Segment Open

(* Let $v\equiv 1$ or $7\pmod{24}$ with $v\ge 7$, and let $n=\frac{v-1}{6}$. For every integer $i$ with $0\le i\le n$ there exists a cyclic three-fold triple system CTS$(v,3)$ with fine structure $(c_1,c_2,c_3)$ satisfying $c_2=n-i$ and $c_3=i$ (and hence $c_1=3n-2c_2-3c_3$).
   Context: A cyclic $\lambda$-fold triple system CTS$(v,\lambda)$ is a multiset $\mathcal B$ of 3-element subsets (blocks) of $\mathbb Z_v$ such that every 2-element subset of $\mathbb Z_v$ is contained in exactly $\lambda$ blocks (counted with multiplicity), and $\mathcal B$ is invariant under the translation $x\mapsto x+1$. Thus $\mathcal B$ is a union of translation orbits of 3-subsets with multiplicities; a base block is an orbit representative. The fine structure is $(c_1,\ldots,c_\lambda)$, where $c_i$ is the number of distinct base blocks (orbits) occurring with multiplicity exactly $i$. For $\lambda=3$ the paper writes the fine structure as the pair $(t,s)=(c_2,c_3)$. *)

theory Defs
  imports Main "HOL-Library.Multiset"
begin

text \<open>Z_v is represented by {0..<v} (v :: nat) with arithmetic mod v.\<close>

definition shift :: "nat \<Rightarrow> nat \<Rightarrow> nat set \<Rightarrow> nat set" where
  "shift v k B = (\<lambda>x. (x + k) mod v) ` B"

definition is_CTS :: "nat \<Rightarrow> nat \<Rightarrow> nat set multiset \<Rightarrow> bool" where
  "is_CTS v lam M \<longleftrightarrow>
     (\<forall>B \<in># M. B \<subseteq> {..<v} \<and> card B = 3) \<and>
     (\<forall>x<v. \<forall>y<v. x \<noteq> y \<longrightarrow> size (filter_mset (\<lambda>B. {x, y} \<subseteq> B) M) = lam) \<and>
     image_mset (shift v 1) M = M"

definition orbit :: "nat \<Rightarrow> nat set \<Rightarrow> nat set set" where
  "orbit v B = {shift v k B | k. k < v}"

definition fine_c :: "nat \<Rightarrow> nat set multiset \<Rightarrow> nat \<Rightarrow> nat" where
  "fine_c v M i = card {orbit v B | B. B \<in># M \<and> count M B = i}"

end

theory Submission
  imports Defs
begin

text \<open>Write \<open>v = 6n + 1\<close>; the congruence conditions on \<open>v\<close> say exactly that \<open>n \<equiv> 0, 1 (mod 4)\<close>,
  so there is a Skolem sequence of order \<open>n\<close>: numbers \<open>a\<^sub>j\<close> such that the pairs
  \<open>{a\<^sub>j, a\<^sub>j + j}\<close>, \<open>1 \<le> j \<le> n\<close>, partition \<open>{1, \<dots>, 2n}\<close>. Then the triples
  \<open>{j, a\<^sub>j + n, a\<^sub>j + j + n}\<close> partition \<open>{1, \<dots>, 3n}\<close>, so every difference \<open>\<plusminus>e\<close> in \<open>\<int>\<^sub>v\<close>
  occurs exactly once among the blocks \<open>B\<^sub>j = {0, j, a\<^sub>j + j + n}\<close>, which therefore are the base
  blocks of a cyclic Steiner triple system. The block \<open>B\<^sub>j' = {0, a\<^sub>j + n, a\<^sub>j + j + n}\<close> has the
  same differences but lies in a different orbit. Taking \<open>B\<^sub>j\<close> three times for \<open>j \<le> i\<close>, and
  \<open>B\<^sub>j\<close> twice together with \<open>B\<^sub>j'\<close> once for \<open>j > i\<close>, covers every difference three times and
  yields the fine structure \<open>(n - i, n - i, i)\<close>.\<close>

section \<open>Translates in \<open>\<int>\<^sub>v\<close>\<close>

lemma card_filter_eq_sum: "finite A \<Longrightarrow> card {x \<in> A. P x} = (\<Sum>x\<in>A. if P x then 1 else 0)"
  by (simp only: card_eq_sum sum.inter_filter)

lemma min_diff_mem_iff:
  fixes d v :: nat
  assumes "\<forall>e\<in>S. 2 * e < v" "d < v"
  shows "min d (v - d) \<in> S \<longleftrightarrow> d \<in> S \<or> v - d \<in> S"
  using assms by (auto simp: min_def)

lemma mod_less_double: "(x::nat) < 2 * v \<Longrightarrow> x mod v = (if x < v then x else x - v)"
  by (simp add: le_mod_geq)

lemma mod_sub_add_cancel: "(x::nat) < v \<Longrightarrow> k \<le> v \<Longrightarrow> ((x + v - k) mod v + k) mod v = x"
  by (simp add: mod_add_left_eq)

lemma mod_add_sub_cancel: "(x::nat) < v \<Longrightarrow> k < v \<Longrightarrow> ((x + k) mod v + v - k) mod v = x"
  by (cases "x + k < v") (simp_all add: mod_less_double)

lemma shift_add: "shift v a (shift v b B) = shift v (a + b) B"
  unfolding shift_def image_image
proof (rule image_cong)
  fix x
  have "((x + b) mod v + a) mod v = (x + b + a) mod v" by (rule mod_add_left_eq)
  then show "((x + b) mod v + a) mod v = (x + (a + b)) mod v" by (simp add: ac_simps)
qed simp

lemma shift_mod: "shift v (k mod v) B = shift v k B"
  unfolding shift_def by (rule image_cong) (simp_all add: mod_add_right_eq)

lemma shift_0: "B \<subseteq> {..<v} \<Longrightarrow> shift v 0 B = B"
  unfolding shift_def by (force simp: image_iff subset_eq)

lemma shift_subset: "0 < v \<Longrightarrow> shift v k B \<subseteq> {..<v}"
  unfolding shift_def by auto

lemma card_shift:
  assumes "B \<subseteq> {..<v}" "k < v"
  shows "card (shift v k B) = card B"
proof -
  have "inj_on (\<lambda>x. (x + k) mod v) {..<v}"
    by (rule inj_on_inverseI[where g = "\<lambda>y. (y + v - k) mod v"]) (use assms in \<open>simp add: mod_add_sub_cancel\<close>)
  then show ?thesis
    unfolding shift_def using assms(1) by (simp add: card_image inj_on_subset)
qed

Segment Closed

## PROBLEM DETAILS
Only the lines from the opening of the material through the line with "Context: A cyclic" should be echoed, exactly as written.

## WRITTEN RESPONSE
(* Let $v\equiv 1$ or $7\pmod{24}$ with $v\ge 7$, and let $n=\frac{v-1}{6}$. For every integer $i$ with $0\le i\le n$ there exists a cyclic three-fold triple system CTS$(v,3)$ with fine structure $(c_1,c_2,c_3)$ satisfying $c_2=n-i$ and $c_3=i$ (and hence $c_1=3n-2c_2-3c_3$).
   Context: A cyclic $\lambda$-fold triple system CTS$(v,\lambda)$ is a multiset $\mathcal B$ of 3-element subsets (blocks) of $\mathbb Z_v$ such that every 2-element subset of $\mathbb Z_v$ is contained in exactly $\lambda$ blocks (counted with multiplicity), and $\mathcal B$ is invariant under the translation $x\mapsto x+1$. Thus $\mathcal B$ is a union of translation orbits of 3-subsets with multiplicities; a base block is an orbit representative. The fine structure is $(c_1,\ldots,c_\lambda)$, where $c_i$ is the number of distinct base blocks (orbits) occurring with multiplicity exactly $i$. For $\lambda=3$ the paper writes the fine structure as the pair $(t,s)=(c_2,c_3)$. *)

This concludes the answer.